** What is needed **
In the records below, the lines from the one containing "theory Defs" through the last are to be reproduced exactly and alone.

** Source records **
(* Let $V,H,K,i,j,\mathfrak a,V_D$ be as in the standing setting. For $\mu\le 0$ and $f\in H$ let $R_\mu f$ be the unique $u\in V$ with $\mathfrak a(u,v)-\mu(j(u),j(v))_K+(u,v)_H=(f,v)_H$ for all $v\in V$ (i.e. $R_\mu=(I+A_\mu)^{-1}$), and let $R^D f$ be the unique $u\in V_D$ with $\mathfrak a(u,v)+(u,v)_H=(f,v)_H$ for all $v\in V_D$ (i.e. $R^D=(I+\widehat A^D)^{-1}$). Then $R_\mu$ and $R^D$ are bounded operators on $H$ and $\lim_{\mu\to-\infty}\|R_\mu-R^D\|_{\mathcal L(H)}=0$.
   Context: Standing setting: $V,H,K$ complex Hilbert spaces, $V$ embedded in $H$ with compact inclusion $i\colon V\to H$, $j\colon V\to K$ compact linear, $\mathfrak a\colon V\times V\to\mathbb C$ a positive ($\mathfrak a(u,u)\ge0$), symmetric ($\mathfrak a(v,u)=\overline{\mathfrak a(u,v)}$), continuous sesquilinear form which is $i$-elliptic: there are $\omega,\delta>0$ with $\mathfrak a(u,u)+\omega\|u\|_H^2\ge\delta\|u\|_V^2$ for all $u\in V$. $V_D=\ker j$. For $\mu\in\mathbb R$, $\mathfrak a_\mu(u,v)=\mathfrak a(u,v)-\mu(j(u),j(v))_K$, and $A_\mu$ denotes the self-adjoint graph in $H$ associated with $(\mathfrak a_\mu,i)$, i.e. $\{(u,f)\in H\times H: u\in V,\ \mathfrak a_\mu(u,v)=(f,v)_H\ \forall v\in V\}$; $\widehat A^D$ is the graph $\{(u,f): u\in V_D,\ \mathfrak a(u,v)=(f,v)_H\ \forall v\in V_D\}$. *)

theory Defs
  imports "HOL-Analysis.Analysis"
begin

** Exercise solution **
theory Defs
  imports "HOL-Analysis.Analysis"
begin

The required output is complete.